*WHAT YOU WILL DO*:
An exact transcription of the lines below, from the first through the one containing "by (rule nu_attained[OF B])", is the only output wanted.

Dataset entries

################

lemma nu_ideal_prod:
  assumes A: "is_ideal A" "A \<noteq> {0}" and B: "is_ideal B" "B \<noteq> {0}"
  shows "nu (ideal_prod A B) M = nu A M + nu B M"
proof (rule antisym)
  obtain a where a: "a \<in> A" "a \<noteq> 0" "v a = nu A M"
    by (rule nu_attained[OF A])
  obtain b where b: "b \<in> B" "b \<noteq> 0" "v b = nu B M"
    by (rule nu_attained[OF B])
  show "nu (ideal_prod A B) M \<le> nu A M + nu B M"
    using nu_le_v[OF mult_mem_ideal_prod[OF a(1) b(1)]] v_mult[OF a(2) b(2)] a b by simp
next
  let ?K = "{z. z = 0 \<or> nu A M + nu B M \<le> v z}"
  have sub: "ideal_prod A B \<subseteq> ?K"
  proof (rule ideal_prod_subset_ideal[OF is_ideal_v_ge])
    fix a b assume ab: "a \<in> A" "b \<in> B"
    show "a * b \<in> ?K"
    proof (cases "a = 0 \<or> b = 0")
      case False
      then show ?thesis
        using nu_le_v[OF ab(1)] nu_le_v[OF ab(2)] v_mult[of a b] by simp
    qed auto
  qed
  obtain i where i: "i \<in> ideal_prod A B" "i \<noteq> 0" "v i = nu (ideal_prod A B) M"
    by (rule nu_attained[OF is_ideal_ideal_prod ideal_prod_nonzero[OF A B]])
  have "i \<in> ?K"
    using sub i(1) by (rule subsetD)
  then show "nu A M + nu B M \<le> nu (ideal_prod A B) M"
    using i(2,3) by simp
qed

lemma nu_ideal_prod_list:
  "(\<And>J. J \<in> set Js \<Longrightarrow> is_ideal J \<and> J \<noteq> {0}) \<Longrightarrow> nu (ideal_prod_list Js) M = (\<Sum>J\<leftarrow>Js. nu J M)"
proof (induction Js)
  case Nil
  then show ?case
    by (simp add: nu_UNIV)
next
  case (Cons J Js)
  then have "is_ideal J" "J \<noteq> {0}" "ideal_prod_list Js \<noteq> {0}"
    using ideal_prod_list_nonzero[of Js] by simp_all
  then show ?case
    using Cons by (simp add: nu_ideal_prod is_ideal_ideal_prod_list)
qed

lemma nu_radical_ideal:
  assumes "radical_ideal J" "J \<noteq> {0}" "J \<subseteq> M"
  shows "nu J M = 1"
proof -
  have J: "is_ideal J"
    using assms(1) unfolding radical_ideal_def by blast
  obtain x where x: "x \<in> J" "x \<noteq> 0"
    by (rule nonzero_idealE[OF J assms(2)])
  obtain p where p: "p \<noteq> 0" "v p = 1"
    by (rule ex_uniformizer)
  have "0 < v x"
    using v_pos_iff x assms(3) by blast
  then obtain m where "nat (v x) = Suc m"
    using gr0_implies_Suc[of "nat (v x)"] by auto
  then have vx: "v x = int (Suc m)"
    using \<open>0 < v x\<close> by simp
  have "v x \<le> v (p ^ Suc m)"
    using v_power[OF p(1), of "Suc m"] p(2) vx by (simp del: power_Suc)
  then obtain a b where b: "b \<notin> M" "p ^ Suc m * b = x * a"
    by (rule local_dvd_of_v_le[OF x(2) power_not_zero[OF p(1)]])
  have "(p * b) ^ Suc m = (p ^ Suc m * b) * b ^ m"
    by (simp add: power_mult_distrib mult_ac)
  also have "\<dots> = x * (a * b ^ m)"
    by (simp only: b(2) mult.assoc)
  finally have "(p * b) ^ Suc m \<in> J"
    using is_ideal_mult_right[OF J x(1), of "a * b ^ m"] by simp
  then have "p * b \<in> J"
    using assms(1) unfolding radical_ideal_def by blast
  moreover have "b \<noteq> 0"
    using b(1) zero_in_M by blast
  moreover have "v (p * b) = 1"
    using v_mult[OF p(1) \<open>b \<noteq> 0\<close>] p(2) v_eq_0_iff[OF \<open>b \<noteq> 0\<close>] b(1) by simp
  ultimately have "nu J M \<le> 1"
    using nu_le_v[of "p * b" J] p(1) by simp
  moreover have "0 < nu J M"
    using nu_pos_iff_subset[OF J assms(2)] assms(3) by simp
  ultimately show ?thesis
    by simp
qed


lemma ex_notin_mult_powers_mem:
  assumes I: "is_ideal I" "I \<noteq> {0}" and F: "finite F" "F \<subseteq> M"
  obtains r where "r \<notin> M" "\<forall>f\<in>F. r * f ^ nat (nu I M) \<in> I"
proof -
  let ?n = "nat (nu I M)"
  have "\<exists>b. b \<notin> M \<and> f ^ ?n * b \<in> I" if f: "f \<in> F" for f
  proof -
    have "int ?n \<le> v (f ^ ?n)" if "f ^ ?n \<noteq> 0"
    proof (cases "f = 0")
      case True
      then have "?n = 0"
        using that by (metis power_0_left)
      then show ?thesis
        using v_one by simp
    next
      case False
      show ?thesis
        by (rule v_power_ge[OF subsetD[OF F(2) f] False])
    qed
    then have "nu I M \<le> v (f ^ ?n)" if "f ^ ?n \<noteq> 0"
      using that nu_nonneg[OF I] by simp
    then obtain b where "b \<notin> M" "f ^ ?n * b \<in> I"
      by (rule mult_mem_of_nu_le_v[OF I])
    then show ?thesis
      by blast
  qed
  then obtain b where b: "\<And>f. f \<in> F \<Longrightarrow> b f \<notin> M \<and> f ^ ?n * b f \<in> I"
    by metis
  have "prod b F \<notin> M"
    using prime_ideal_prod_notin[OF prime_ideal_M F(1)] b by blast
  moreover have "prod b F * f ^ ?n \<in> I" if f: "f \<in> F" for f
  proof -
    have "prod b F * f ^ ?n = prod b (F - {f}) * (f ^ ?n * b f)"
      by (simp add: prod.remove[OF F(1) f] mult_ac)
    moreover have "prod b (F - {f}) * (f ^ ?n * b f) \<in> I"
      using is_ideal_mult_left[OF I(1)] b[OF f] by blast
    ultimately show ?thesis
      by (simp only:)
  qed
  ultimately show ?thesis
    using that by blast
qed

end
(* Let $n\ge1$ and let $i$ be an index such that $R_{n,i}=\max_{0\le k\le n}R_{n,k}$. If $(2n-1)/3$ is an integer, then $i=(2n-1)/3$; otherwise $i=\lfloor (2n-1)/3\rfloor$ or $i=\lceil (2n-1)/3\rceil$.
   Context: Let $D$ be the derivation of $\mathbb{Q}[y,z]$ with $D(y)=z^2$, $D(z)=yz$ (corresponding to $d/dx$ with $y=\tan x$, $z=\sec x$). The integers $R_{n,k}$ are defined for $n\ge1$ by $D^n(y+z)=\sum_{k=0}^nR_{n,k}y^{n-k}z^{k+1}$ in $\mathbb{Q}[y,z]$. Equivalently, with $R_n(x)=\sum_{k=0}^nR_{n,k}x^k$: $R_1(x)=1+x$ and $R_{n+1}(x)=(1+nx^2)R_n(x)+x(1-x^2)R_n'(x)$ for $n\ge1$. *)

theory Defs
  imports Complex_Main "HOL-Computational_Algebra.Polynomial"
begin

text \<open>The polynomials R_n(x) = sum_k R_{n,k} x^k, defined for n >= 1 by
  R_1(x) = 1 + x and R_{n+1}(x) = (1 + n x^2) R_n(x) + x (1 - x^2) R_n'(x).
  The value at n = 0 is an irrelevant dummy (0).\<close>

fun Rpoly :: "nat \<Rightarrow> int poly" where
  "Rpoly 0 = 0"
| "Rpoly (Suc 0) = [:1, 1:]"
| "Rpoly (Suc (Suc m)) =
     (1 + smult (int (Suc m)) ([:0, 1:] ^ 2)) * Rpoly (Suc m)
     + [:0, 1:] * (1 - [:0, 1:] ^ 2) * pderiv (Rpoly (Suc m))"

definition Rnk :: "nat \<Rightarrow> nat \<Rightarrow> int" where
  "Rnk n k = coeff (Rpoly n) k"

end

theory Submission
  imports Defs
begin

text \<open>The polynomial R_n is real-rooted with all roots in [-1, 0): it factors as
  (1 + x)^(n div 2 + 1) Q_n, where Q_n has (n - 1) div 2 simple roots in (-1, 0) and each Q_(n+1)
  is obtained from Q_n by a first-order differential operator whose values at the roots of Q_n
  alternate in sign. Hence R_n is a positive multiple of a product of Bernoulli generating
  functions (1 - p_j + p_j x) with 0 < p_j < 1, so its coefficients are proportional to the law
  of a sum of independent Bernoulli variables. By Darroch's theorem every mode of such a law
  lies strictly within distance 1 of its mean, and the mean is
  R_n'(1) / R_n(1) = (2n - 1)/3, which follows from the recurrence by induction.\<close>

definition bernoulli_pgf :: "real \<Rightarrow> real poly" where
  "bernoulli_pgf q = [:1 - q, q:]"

################

*TASK RESPONSE*:
lemma nu_ideal_prod:
  assumes A: "is_ideal A" "A \<noteq> {0}" and B: "is_ideal B" "B \<noteq> {0}"
  shows "nu (ideal_prod A B) M = nu A M + nu B M"
proof (rule antisym)
  obtain a where a: "a \<in> A" "a \<noteq> 0" "v a = nu A M"
    by (rule nu_attained[OF A])
  obtain b where b: "b \<in> B" "b \<noteq> 0" "v b = nu B M"
    by (rule nu_attained[OF B])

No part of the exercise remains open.